Ich musste MS VC++ neu installieren und habe mir vorher das SP1 für Windows XP installiert. Nun funktioniert das installieren nicht mehr.

Der Fehler lautet: "Der Prozedureinsprungspunkt "_GetIUMS@4" wurde in der DLL
MSDART.DLL nicht gefunden.


Anscheinend liegt das Problem bei dem SP aber ich habe bis jetzt noch keine Lösung gefunden. Geht es irgendwem vielleicht genauso (oder ähnlich) ?


----------



## Sebastian Thalhammer (24. Januar 2004)

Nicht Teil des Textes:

lemma integral_PiM_two_components:
  fixes f g :: "'a \<Rightarrow> real"
  assumes M: "prob_space M" and f: "integrable M f" and g: "integrable M g"
    and I: "finite I" and ij: "i \<in> I" "j \<in> I" "i \<noteq> j"
  shows "integrable (\<Pi>\<^sub>M k\<in>I. M) (\<lambda>\<omega>. f (\<omega> i) * g (\<omega> j))"
    and "(\<integral>\<omega>. f (\<omega> i) * g (\<omega> j) \<partial>(\<Pi>\<^sub>M k\<in>I. M)) = integral\<^sup>L M f * integral\<^sup>L M g"
proof -
  interpret product_prob_space "\<lambda>_. M" I
    by (simp add: product_prob_space_def product_prob_space_axioms_def product_sigma_finite_def
        prob_space_imp_sigma_finite M)
  define h where "h k = (if k = i then f else if k = j then g else (\<lambda>_. 1))" for k
  have h: "integrable M (h k)" for k
    using f g by (simp add: h_def)
  have h_split: "h k x = (if k = i then f x else 1) * (if k = j then g x else 1)" for k x
    using ij by (simp add: h_def)
  have prod_h: "(\<Prod>k\<in>I. h k (\<omega> k)) = f (\<omega> i) * g (\<omega> j)" for \<omega>
    using I ij by (simp add: h_split prod.distrib)
  show "integrable (\<Pi>\<^sub>M k\<in>I. M) (\<lambda>\<omega>. f (\<omega> i) * g (\<omega> j))"
    using product_integrable_prod[of I h, OF I h] by (simp add: prod_h)
  have "(\<integral>\<omega>. f (\<omega> i) * g (\<omega> j) \<partial>(\<Pi>\<^sub>M k\<in>I. M)) = (\<Prod>k\<in>I. integral\<^sup>L M (h k))"
    using product_integral_prod[of I h, OF I h] by (simp add: prod_h)
  also have "\<dots> = (\<Prod>k\<in>I. (if k = i then integral\<^sup>L M f else 1) * (if k = j then integral\<^sup>L M g else 1))"
    using ij by (intro prod.cong) (auto simp: h_def prob_space.prob_space[OF M])
  also have "\<dots> = integral\<^sup>L M f * integral\<^sup>L M g"
    using I ij by (simp add: prod.distrib)
  finally show "(\<integral>\<omega>. f (\<omega> i) * g (\<omega> j) \<partial>(\<Pi>\<^sub>M k\<in>I. M)) = integral\<^sup>L M f * integral\<^sup>L M g" .
qed

lemma integral_PiM_iid_product:
  fixes h :: "'a \<Rightarrow> real"
  assumes M: "prob_space M" and [measurable]: "h \<in> borel_measurable M"
    and h2: "integrable M (\<lambda>x. (h x)\<^sup>2)" and I: "finite I" and bc: "b \<in> I" "c \<in> I"
  shows "integrable (\<Pi>\<^sub>M k\<in>I. M) (\<lambda>\<omega>. h (\<omega> b) * h (\<omega> c))"
    and "(\<integral>\<omega>. h (\<omega> b) * h (\<omega> c) \<partial>(\<Pi>\<^sub>M k\<in>I. M))
      = (if b = c then \<integral>x. (h x)\<^sup>2 \<partial>M else (integral\<^sup>L M h)\<^sup>2)"
proof -
  have h: "integrable M h"
    by (rule finite_measure.square_integrable_imp_integrable[OF prob_space.axioms(1)[OF M]])
      (simp_all add: h2)
  have hh: "integrable M (\<lambda>x. h x * h x)"
    using h2 by (simp add: power2_eq_square)
  show "integrable (\<Pi>\<^sub>M k\<in>I. M) (\<lambda>\<omega>. h (\<omega> b) * h (\<omega> c))"
  proof (cases "b = c")
    case True
    then show ?thesis using integral_PiM_component(1)[OF M _ bc(1), of "\<lambda>x. h x * h x"] hh by simp
  next
    case False
    then show ?thesis using integral_PiM_two_components(1)[OF M h h I bc] by simp
  qed
  show "(\<integral>\<omega>. h (\<omega> b) * h (\<omega> c) \<partial>(\<Pi>\<^sub>M k\<in>I. M))
      = (if b = c then \<integral>x. (h x)\<^sup>2 \<partial>M else (integral\<^sup>L M h)\<^sup>2)"
  proof (cases "b = c")
    case True
    then show ?thesis
      using integral_PiM_component(2)[OF M _ bc(1), of "\<lambda>x. h x * h x"] by (simp add: power2_eq_square)
  next
    case False
    then show ?thesis
      using integral_PiM_two_components(2)[OF M h h I bc] by (simp add: power2_eq_square)
  qed
qed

Problem gelöst. Für alle die es wissen wollen: 

Durch das Service Pack für XP wurde die Datei falsch benannt und sollte eigentlich msdart32.dll heissen. Die richtige msdart.dll befindet sich irgendwo in einem der Visual C++ Verzeichnisse.


----------



## klamed (13. Mai 2004)

*Problemlösung _GETIUMS@4*

habe im Outlook nach  Deinstallierung von Works das gleiche Problem! Eine Änderung der DLL von MSDART.dll in MSDART32.dll brachte keine Lösung!
Wie hast du das Problem in den Griff bekommen?


----------



## Michael Schimek (8. Juni 2004)

Hat jemand von euch dieses Problem jetzt schon gelöst? 

Reicht es wirklich, wenn die Datei umbenannt wird?


----------



## Sebastian Thalhammer (8. Juni 2004)

Bei mir hat es so funktioniert. Ich weiss aber nicht mehr ob ich zu diesem Zeitpunkt SP1 schon installiert hatte. 

Falls sich eine msdart.dll in einem der Setupverzeichnisse der VC++ befindet, ersetze diese Datei anstelle der im Windowsordner. Vielleicht geht es dann.

Ansonsten eine Weile durch googlen!


----------